* _WHAT THE TASK REQUIRES_
Pull every line that includes the word "longlonglongrightarrow" from the data.

*** INPUT FOR THIS TASK Section Begins ***

lemma inj_funpow_if_infinite_orbit:
  assumes "infinite (orbit f x)"
  shows "inj (\<lambda>n. (f ^^ n) x)"
proof (rule injI, rule ccontr)
  fix i j
  assume "(f ^^ i) x = (f ^^ j) x" "i \<noteq> j"
  then obtain a b where "a < b" "(f ^^ a) x = (f ^^ b) x"
    by (metis linorder_neqE_nat)
  then have "orbit f x \<subseteq> (\<lambda>k. (f ^^ k) x) ` {..<b}"
    using funpow_eq_funpow_below by (fastforce simp: orbit_def)
  with assms show False
    using finite_subset by blast
qed

lemma tendsto_if_omega_limit_singleton:
  assumes "compact X" "f ` X \<subseteq> X" "x \<in> X" "omega_limit f x = {y}"
  shows "(\<lambda>n. (f ^^ n) x) \<longlonglongrightarrow> y"
proof (rule ccontr)
  let ?s = "\<lambda>n. (f ^^ n) x"
  assume "\<not> ?s \<longlonglongrightarrow> y"
  then obtain e where "e > 0" "\<forall>N. \<exists>n\<ge>N. e \<le> dist (?s n) y"
    unfolding lim_sequentially by (meson not_less)
  then have "infinite {n. e \<le> dist (?s n) y}"
    by (simp add: infinite_nat_iff_unbounded_le)
  then have "\<exists>r::nat \<Rightarrow> nat. strict_mono r \<and> (\<forall>n. r n \<in> {n. e \<le> dist (?s n) y})"
    by (rule infinite_enumerate)
  then obtain r :: "nat \<Rightarrow> nat" where r: "strict_mono r" "\<forall>n. e \<le> dist (?s (r n)) y"
    by auto
  have "\<forall>n. (?s \<circ> r) n \<in> X"
    using funpow_in[OF assms(2,3)] by simp
  then obtain l r' where "l \<in> X" "strict_mono r'" and lim: "(?s \<circ> r \<circ> r') \<longlonglongrightarrow> l"
    using \<open>compact X\<close> unfolding compact_def by blast
  have "l \<in> omega_limit f x"
    unfolding omega_limit_def using lim strict_mono_o[OF r(1) \<open>strict_mono r'\<close>]
    by (auto simp: comp_def)
  moreover have "e \<le> dist l y"
    using lim r(2) by (intro LIMSEQ_le_const[OF tendsto_dist[OF _ tendsto_const]]) auto
  ultimately show False
    using assms(4) \<open>e > 0\<close> by auto
qed

lemma fixed_point_if_orbit_tendsto:
  fixes f :: "'a::metric_space \<Rightarrow> 'a"
  assumes "closed X" "f ` X \<subseteq> X" "continuous_on X f" "x \<in> X"
    and lim: "(\<lambda>n. (f ^^ n) x) \<longlonglongrightarrow> y"
  shows "f y = y"
proof -
  have "y \<in> X"
    using closed_sequentially[OF \<open>closed X\<close> _ lim] funpow_in[OF assms(2,4)] by blast
  then have "(\<lambda>n. f ((f ^^ n) x)) \<longlonglongrightarrow> f y"
    using funpow_in[OF assms(2,4)] by (intro continuous_on_tendsto_compose[OF assms(3) lim]) auto
  moreover have "(\<lambda>n. f ((f ^^ n) x)) \<longlonglongrightarrow> y"
    using LIMSEQ_Suc[OF lim] by simp
  ultimately show ?thesis
    by (rule LIMSEQ_unique)
qed

section \<open>p-iterates\<close>

lemma p_iterate_eqI:
  assumes "free_ultrafilter_nat p" "x \<in> X" "((\<lambda>n. (f ^^ n) x) \<longlongrightarrow> y) p"
  shows "p_iterate X f p x = y"
  using assms by (simp add: p_iterate_def free_ultrafilter_nat_def tendsto_Lim)

lemma p_iterate_eq_lim:
  assumes "free_ultrafilter_nat p" "x \<in> X" "(\<lambda>n. (f ^^ n) x) \<longlonglongrightarrow> y"
  shows "p_iterate X f p x = y"
  using assms free_ultrafilter_nat_le_sequentially by (metis p_iterate_eqI tendsto_mono)

lemma tendsto_p_iterate:
  assumes "compact X" "f ` X \<subseteq> X" "free_ultrafilter_nat p" "x \<in> X"
  shows "p_iterate X f p x \<in> X" "((\<lambda>n. (f ^^ n) x) \<longlongrightarrow> p_iterate X f p x) p"
proof -
  obtain l where "l \<in> X" "((\<lambda>n. (f ^^ n) x) \<longlongrightarrow> l) p"
    using tendsto_ultrafilter_in_compact[OF assms(1)] funpow_in[OF assms(2,4)] assms(3)
    by (metis free_ultrafilter_nat_iff)
  moreover from this have "p_iterate X f p x = l"
    using p_iterate_eqI assms(3,4) by blast
  ultimately show "p_iterate X f p x \<in> X" "((\<lambda>n. (f ^^ n) x) \<longlongrightarrow> p_iterate X f p x) p"
    by simp_all
qed

lemma p_iterate_funpow_commute:
  assumes "compact X" "f ` X \<subseteq> X" "continuous_on X f" "free_ultrafilter_nat p" "x \<in> X"
  shows "p_iterate X f p ((f ^^ k) x) = (f ^^ k) (p_iterate X f p x)"
proof (rule p_iterate_eqI[OF assms(4) funpow_in[OF assms(2,5)]])
  have "((\<lambda>n. (f ^^ k) ((f ^^ n) x)) \<longlongrightarrow> (f ^^ k) (p_iterate X f p x)) p"
    using tendsto_p_iterate[OF assms(1,2,4,5)] funpow_in[OF assms(2,5)]
    by (intro continuous_on_tendsto_compose[OF continuous_on_funpow[OF assms(3,2)]]) auto
  then show "((\<lambda>n. (f ^^ n) ((f ^^ k) x)) \<longlongrightarrow> (f ^^ k) (p_iterate X f p x)) p"
    by (simp only: funpow_commute)
qed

*** INPUT FOR THIS TASK Section Ends ***

* _RESPONSE_
  shows "(\<lambda>n. (f ^^ n) x) \<longlonglongrightarrow> y"
  assume "\<not> ?s \<longlonglongrightarrow> y"
  then obtain l r' where "l \<in> X" "strict_mono r'" and lim: "(?s \<circ> r \<circ> r') \<longlonglongrightarrow> l"
    and lim: "(\<lambda>n. (f ^^ n) x) \<longlonglongrightarrow> y"
  then have "(\<lambda>n. f ((f ^^ n) x)) \<longlonglongrightarrow> f y"
  moreover have "(\<lambda>n. f ((f ^^ n) x)) \<longlonglongrightarrow> y"
  assumes "free_ultrafilter_nat p" "x \<in> X" "(\<lambda>n. (f ^^ n) x) \<longlonglongrightarrow> y"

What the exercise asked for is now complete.